• _PROMPT_
As the answer, set down the lines below from the one containing "G \<sigma> \<longleftrightarrow> \<sigma> \<ge> 0 \<and>" through the one containing "(\<xi>\<^sup>2 *\<^sub>R (transpose", exactly and inclusively, and no others.

• _RECORD EXCERPTS_
(* Let $\xi>0$ be such that $D_{\xi}:=D^TD-\xi^2 I$ is nonsingular. Then for every $\omega\geq 0$, the matrix $G(j\omega)$ has a singular value equal to $\xi$ if and only if $\lambda=j\omega$ is an eigenvalue of the linear operator $\mathcal{L}_{\xi}$, i.e. there exists $u\in\mathcal{D}(\mathcal{L}_{\xi})$, $u\neq 0$, with $\mathcal{L}_{\xi}u=j\omega\, u$.
   Context: Let $n,m,n_u,n_y$ be positive integers, $A_0,\dots,A_m\in\mathbb{R}^{n\times n}$, $B\in\mathbb{R}^{n\times n_u}$, $C\in\mathbb{R}^{n_y\times n}$, $D\in\mathbb{R}^{n_y\times n_u}$, and delays $\tau_1,\dots,\tau_m\geq 0$ with $\tau_{\max}=\max_i\tau_i$. The transfer function is $G(s)=C\left(sI-A_0-\sum_{i=1}^m A_i e^{-\tau_i s}\right)^{-1}B+D$. Standing assumption: the system is stable, i.e. all solutions $s$ of $\det\left(sI-A_0-\sum_{i=1}^m A_i e^{-\tau_i s}\right)=0$ have negative real part. For $\xi>0$ put $D_\xi=D^TD-\xi^2I_{n_u}$ and $\tilde D_\xi=DD^T-\xi^2 I_{n_y}$ (for $\xi>0$ one is nonsingular iff the other is). Define the $2n\times 2n$ matrices $M_0=\begin{bmatrix} A_0-BD_\xi^{-1}D^TC & -BD_\xi^{-1}B^T\\ \xi^2 C^T\tilde D_\xi^{-1}C & -A_0^T+C^TDD_\xi^{-1}B^T\end{bmatrix}$, $M_i=\begin{bmatrix}A_i&0\\0&0\end{bmatrix}$, $M_{-i}=\begin{bmatrix}0&0\\0&-A_i^T\end{bmatrix}$ for $1\le i\le m$. Let $X=\mathcal{C}([-\tau_{\max},\tau_{\max}],\mathbb{C}^{2n})$ (continuous functions). The operator $\mathcal{L}_\xi$ on $X$ has domain $\mathcal{D}(\mathcal{L}_\xi)=\{\phi\in X:\ \phi'\in X,\ \phi'(0)=M_0\phi(0)+\sum_{i=1}^m(M_i\phi(-\tau_i)+M_{-i}\phi(\tau_i))\}$ and acts by $\mathcal{L}_\xi\phi=\phi'$. *)

theory Defs
  imports "HOL-Analysis.Analysis"
begin

definition cmat :: "real^'b^'a \<Rightarrow> complex^'b^'a" where
  "cmat M = (\<chi> i j. complex_of_real (M$i$j))"

definition cadj :: "complex^'b^'a \<Rightarrow> complex^'a^'b" where
  "cadj M = (\<chi> i j. cnj (M$j$i))"

definition csmult :: "complex \<Rightarrow> complex^'b^'a \<Rightarrow> complex^'b^'a" where
  "csmult c M = (\<chi> i j. c * M$i$j)"

definition is_singular_value :: "complex^'b^'a \<Rightarrow> real \<Rightarrow> bool" where
  "is_singular_value G \<sigma> \<longleftrightarrow> \<sigma> \<ge> 0 \<and>
     (\<exists>v w. v \<noteq> 0 \<and> w \<noteq> 0 \<and> G *v v = complex_of_real \<sigma> *s w
          \<and> cadj G *v w = complex_of_real \<sigma> *s v)"

definition char_mat :: "nat \<Rightarrow> (nat \<Rightarrow> real^'n^'n) \<Rightarrow> (nat \<Rightarrow> real) \<Rightarrow> complex \<Rightarrow> complex^'n^'n" where
  "char_mat m A tau s = mat s - cmat (A 0)
     - (\<Sum>i\<in>{1..m}. csmult (exp (- complex_of_real (tau i) * s)) (cmat (A i)))"

definition transfer :: "nat \<Rightarrow> (nat \<Rightarrow> real^'n^'n) \<Rightarrow> (nat \<Rightarrow> real) \<Rightarrow> real^'u^'n
     \<Rightarrow> real^'n^'y \<Rightarrow> real^'u^'y \<Rightarrow> complex \<Rightarrow> complex^'u^'y" where
  "transfer m A tau B C D s = cmat C ** matrix_inv (char_mat m A tau s) ** cmat B + cmat D"

definition Dxi :: "real^'u^'y \<Rightarrow> real \<Rightarrow> real^'u^'u" where
  "Dxi D \<xi> = transpose D ** D - mat (\<xi>\<^sup>2)"

definition Dtxi :: "real^'u^'y \<Rightarrow> real \<Rightarrow> real^'y^'y" where
  "Dtxi D \<xi> = D ** transpose D - mat (\<xi>\<^sup>2)"

definition blockmat :: "'a::zero^'n^'n \<Rightarrow> 'a^'n^'n \<Rightarrow> 'a^'n^'n \<Rightarrow> 'a^'n^'n \<Rightarrow> 'a^('n+'n)^('n+'n)" where
  "blockmat P Q R S = (\<chi> i j. case i of
       Inl a \<Rightarrow> (case j of Inl b \<Rightarrow> P$a$b | Inr b \<Rightarrow> Q$a$b)
     | Inr a \<Rightarrow> (case j of Inl b \<Rightarrow> R$a$b | Inr b \<Rightarrow> S$a$b))"

definition M0 :: "(nat \<Rightarrow> real^'n^'n) \<Rightarrow> real^'u^'n \<Rightarrow> real^'n^'y \<Rightarrow> real^'u^'y \<Rightarrow> real
     \<Rightarrow> real^('n+'n)^('n+'n)" where
  "M0 A B C D \<xi> = blockmat
     (A 0 - B ** matrix_inv (Dxi D \<xi>) ** transpose D ** C)
     (- (B ** matrix_inv (Dxi D \<xi>) ** transpose B))
     (\<xi>\<^sup>2 *\<^sub>R (transpose C ** matrix_inv (Dtxi D \<xi>) ** C))
     (- transpose (A 0) + transpose C ** D ** matrix_inv (Dxi D \<xi>) ** transpose B)"

definition Mpos :: "(nat \<Rightarrow> real^'n^'n) \<Rightarrow> nat \<Rightarrow> real^('n+'n)^('n+'n)" where
  "Mpos A i = blockmat (A i) 0 0 0"

definition Mneg :: "(nat \<Rightarrow> real^'n^'n) \<Rightarrow> nat \<Rightarrow> real^('n+'n)^('n+'n)" where
  "Mneg A i = blockmat 0 0 0 (- transpose (A i))"

definition tau_max :: "nat \<Rightarrow> (nat \<Rightarrow> real) \<Rightarrow> real" where
  "tau_max m tau = Max (tau ` {1..m})"

text \<open>phi is in the domain of L_xi with derivative psi (so L_xi phi = psi), phi, psi
  considered as elements of X = C([-tau_max, tau_max], C^{2n}).\<close>
definition in_dom_L :: "nat \<Rightarrow> (nat \<Rightarrow> real^'n^'n) \<Rightarrow> (nat \<Rightarrow> real) \<Rightarrow> real^'u^'n
     \<Rightarrow> real^'n^'y \<Rightarrow> real^'u^'y \<Rightarrow> real
     \<Rightarrow> (real \<Rightarrow> complex^('n+'n)) \<Rightarrow> (real \<Rightarrow> complex^('n+'n)) \<Rightarrow> bool" where
  "in_dom_L m A tau B C D \<xi> \<phi> \<psi> \<longleftrightarrow>
     (let I = {- tau_max m tau .. tau_max m tau} in
        continuous_on I \<phi> \<and> continuous_on I \<psi> \<and>
        (\<forall>t\<in>I. (\<phi> has_vector_derivative \<psi> t) (at t within I)) \<and>
        \<psi> 0 = cmat (M0 A B C D \<xi>) *v \<phi> 0
              + (\<Sum>i\<in>{1..m}. cmat (Mpos A i) *v \<phi> (- tau i) + cmat (Mneg A i) *v \<phi> (tau i)))"

definition is_eigenvalue_L :: "nat \<Rightarrow> (nat \<Rightarrow> real^'n^'n) \<Rightarrow> (nat \<Rightarrow> real) \<Rightarrow> real^'u^'n
     \<Rightarrow> real^'n^'y \<Rightarrow> real^'u^'y \<Rightarrow> real \<Rightarrow> complex \<Rightarrow> bool" where
  "is_eigenvalue_L m A tau B C D \<xi> lam \<longleftrightarrow>
     (let I = {- tau_max m tau .. tau_max m tau} in
       \<exists>u \<psi>. in_dom_L m A tau B C D \<xi> u \<psi> \<and> (\<exists>t\<in>I. u t \<noteq> 0) \<and>
              (\<forall>t\<in>I. \<psi> t = lam *s u t))"

end

theory Submission
  imports Defs
begin

(* An eigenfunction of L_xi for lambda solves u' = lambda u, so it is t |-> e^(lambda t) phi, and
   the boundary condition of the domain becomes a characteristic equation for phi = (x, z).  For
   lambda = j omega we have conj lambda = - lambda, so with H = lambda I - A_0 - sum_i A_i e^(-tau_i lambda)
   the two block rows of that equation read
     H x = - B D_xi^-1 (D^T C x + B^T z),   H^H z = - C^T (xi^2 Dt_xi^-1 C x + D D_xi^-1 B^T z).
   On the other side, xi is a singular value of G(j omega) = C H^-1 B + D iff G^H G v = xi^2 v for
   some v ~= 0; with the state x = H^-1 B v, the output w = G v and the costate z = H^-H C^T w this
   reads
     H x = B v,   H^H z = C^T w,   C x + D v = w,   B^T z + D^T w = xi^2 v.
   Solving the last two equations for v and w with D_xi^-1 and the push-through identity
   I - D D_xi^-1 D^T = - xi^2 Dt_xi^-1 turns the first two into the pair above, and every step can
   be reversed. *)

lemma matrix_inv_right:
  fixes A :: "'a::semiring_1^'n^'m"
  assumes "invertible A"
  shows "A ** matrix_inv A = mat 1"
  using someI_ex[OF assms[unfolded invertible_def]] by (simp add: matrix_inv_def)

lemma matrix_inv_left:
  fixes A :: "'a::semiring_1^'n^'m"
  assumes "invertible A"
  shows "matrix_inv A ** A = mat 1"
  using someI_ex[OF assms[unfolded invertible_def]] by (simp add: matrix_inv_def)

lemma matrix_inv_unique:
  fixes A :: "'a::semiring_1^'n^'m"
  assumes "invertible A" and "B ** A = mat 1"
  shows "matrix_inv A = B"
  by (metis assms matrix_inv_right matrix_mul_assoc matrix_mul_lid matrix_mul_rid)

lemma matrix_vector_mult_matrix_inv:
  fixes A :: "'a::semiring_1^'n^'n"
  assumes "invertible A"
  shows "A *v (matrix_inv A *v x) = x" and "matrix_inv A *v (A *v x) = x"
  by (simp_all add: assms matrix_inv_right matrix_inv_left matrix_vector_mul_assoc)

lemma matrix_vector_mult_eq_iff_matrix_inv:
  fixes A :: "'a::field^'n^'n"
  assumes "invertible A"
  shows "A *v x = y \<longleftrightarrow> x = matrix_inv A *v y"
  using matrix_vector_mult_matrix_inv[OF assms] by metis

lemma matrix_vector_mult_mat: "mat c *v x = c *s (x::'a::semiring_1^'n)"
  by (simp add: mat_def matrix_vector_mult_def vec_eq_iff if_distrib if_distribR cong: if_cong)

lemma matrix_vector_mult_uminus_left: "(- A) *v x = - (A *v (x::'a::ring_1^'n))"
  by (simp add: matrix_vector_mult_def vec_eq_iff sum_negf)

lemma matrix_vector_mult_uminus_right: "A *v (- x) = - (A *v (x::'a::ring_1^'n))"
  by (simp add: matrix_vector_mult_def vec_eq_iff sum_negf)

lemma matrix_vector_mult_sum_left:
  "(\<Sum>i\<in>S. A i) *v x = (\<Sum>i\<in>S. A i *v (x::'a::semiring_1^'n))"
  by (simp add: matrix_vector_mult_def vec_eq_iff sum_distrib_right sum_component
      flip: sum.swap[of _ UNIV S])

lemma mult_diff_mat_intertwine:
  fixes X :: "'a::field^'n^'m" and Y :: "'a^'m^'n"
  shows "(X ** Y - mat c) *v (X *v u) = X *v ((Y ** X - mat c) *v u)"
  by (simp add: matrix_vector_mult_diff_rdistrib matrix_vector_mult_diff_distrib
      matrix_vector_mult_mat vector_scalar_commute flip: matrix_vector_mul_assoc)

lemma invertible_mult_swap_diff_mat:
  fixes X :: "'a::field^'n^'m" and Y :: "'a^'m^'n"
  assumes inv: "invertible (Y ** X - mat c)" and "c \<noteq> 0"
  shows "invertible (X ** Y - mat c)"
  unfolding invertible_left_inverse matrix_left_invertible_ker
proof (intro allI impI)
  fix x assume x: "(X ** Y - mat c) *v x = 0"
  from x have "(Y ** X - mat c) *v (Y *v x) = 0"
    by (simp add: mult_diff_mat_intertwine)
  then have "Y *v x = 0"
    by (simp add: matrix_vector_mult_eq_iff_matrix_inv[OF inv])
  with x have "c *s x = 0"
    by (simp add: matrix_vector_mult_diff_rdistrib matrix_vector_mult_mat
        flip: matrix_vector_mul_assoc)
  with \<open>c \<noteq> 0\<close> show "x = 0" by simp
qed

lemma push_through_matrix_inv:
  fixes X :: "'a::field^'n^'m" and Y :: "'a^'m^'n"
  assumes inv: "invertible (Y ** X - mat c)" and "c \<noteq> 0"
  shows "y - X *v (matrix_inv (Y ** X - mat c) *v (Y *v y))
       = - (c *s (matrix_inv (X ** Y - mat c) *v y))"
proof -
  let ?K = "matrix_inv (Y ** X - mat c)" and ?L = "matrix_inv (X ** Y - mat c)"
  have inv': "invertible (X ** Y - mat c)"
    using invertible_mult_swap_diff_mat[OF assms] .
  have "(X ** Y - mat c) *v (y - X *v (?K *v (Y *v y)))
      = (X ** Y - mat c) *v y - X *v ((Y ** X - mat c) *v (?K *v (Y *v y)))"
    by (simp only: matrix_vector_mult_diff_distrib mult_diff_mat_intertwine)
  also have "\<dots> = - (c *s y)"
    unfolding matrix_vector_mult_matrix_inv[OF inv]
    by (simp add: matrix_vector_mult_diff_rdistrib matrix_vector_mult_mat
        flip: matrix_vector_mul_assoc)
  finally have "(X ** Y - mat c) *v (y - X *v (?K *v (Y *v y))) = - (c *s y)" .
  then have "?L *v ((X ** Y - mat c) *v (y - X *v (?K *v (Y *v y)))) = - (c *s (?L *v y))"
    by (simp add: matrix_vector_mult_uminus_right vector_scalar_commute)
  then show ?thesis
    by (simp add: matrix_vector_mult_matrix_inv[OF inv'])
qed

• _ANSWER BELOW_
  "is_singular_value G \<sigma> \<longleftrightarrow> \<sigma> \<ge> 0 \<and>
     (\<exists>v w. v \<noteq> 0 \<and> w \<noteq> 0 \<and> G *v v = complex_of_real \<sigma> *s w
          \<and> cadj G *v w = complex_of_real \<sigma> *s v)"

definition char_mat :: "nat \<Rightarrow> (nat \<Rightarrow> real^'n^'n) \<Rightarrow> (nat \<Rightarrow> real) \<Rightarrow> complex \<Rightarrow> complex^'n^'n" where
  "char_mat m A tau s = mat s - cmat (A 0)
     - (\<Sum>i\<in>{1..m}. csmult (exp (- complex_of_real (tau i) * s)) (cmat (A i)))"

definition transfer :: "nat \<Rightarrow> (nat \<Rightarrow> real^'n^'n) \<Rightarrow> (nat \<Rightarrow> real) \<Rightarrow> real^'u^'n
     \<Rightarrow> real^'n^'y \<Rightarrow> real^'u^'y \<Rightarrow> complex \<Rightarrow> complex^'u^'y" where
  "transfer m A tau B C D s = cmat C ** matrix_inv (char_mat m A tau s) ** cmat B + cmat D"

definition Dxi :: "real^'u^'y \<Rightarrow> real \<Rightarrow> real^'u^'u" where
  "Dxi D \<xi> = transpose D ** D - mat (\<xi>\<^sup>2)"

definition Dtxi :: "real^'u^'y \<Rightarrow> real \<Rightarrow> real^'y^'y" where
  "Dtxi D \<xi> = D ** transpose D - mat (\<xi>\<^sup>2)"

definition blockmat :: "'a::zero^'n^'n \<Rightarrow> 'a^'n^'n \<Rightarrow> 'a^'n^'n \<Rightarrow> 'a^'n^'n \<Rightarrow> 'a^('n+'n)^('n+'n)" where
  "blockmat P Q R S = (\<chi> i j. case i of
       Inl a \<Rightarrow> (case j of Inl b \<Rightarrow> P$a$b | Inr b \<Rightarrow> Q$a$b)
     | Inr a \<Rightarrow> (case j of Inl b \<Rightarrow> R$a$b | Inr b \<Rightarrow> S$a$b))"

definition M0 :: "(nat \<Rightarrow> real^'n^'n) \<Rightarrow> real^'u^'n \<Rightarrow> real^'n^'y \<Rightarrow> real^'u^'y \<Rightarrow> real
     \<Rightarrow> real^('n+'n)^('n+'n)" where
  "M0 A B C D \<xi> = blockmat
     (A 0 - B ** matrix_inv (Dxi D \<xi>) ** transpose D ** C)
     (- (B ** matrix_inv (Dxi D \<xi>) ** transpose B))
     (\<xi>\<^sup>2 *\<^sub>R (transpose C ** matrix_inv (Dtxi D \<xi>) ** C))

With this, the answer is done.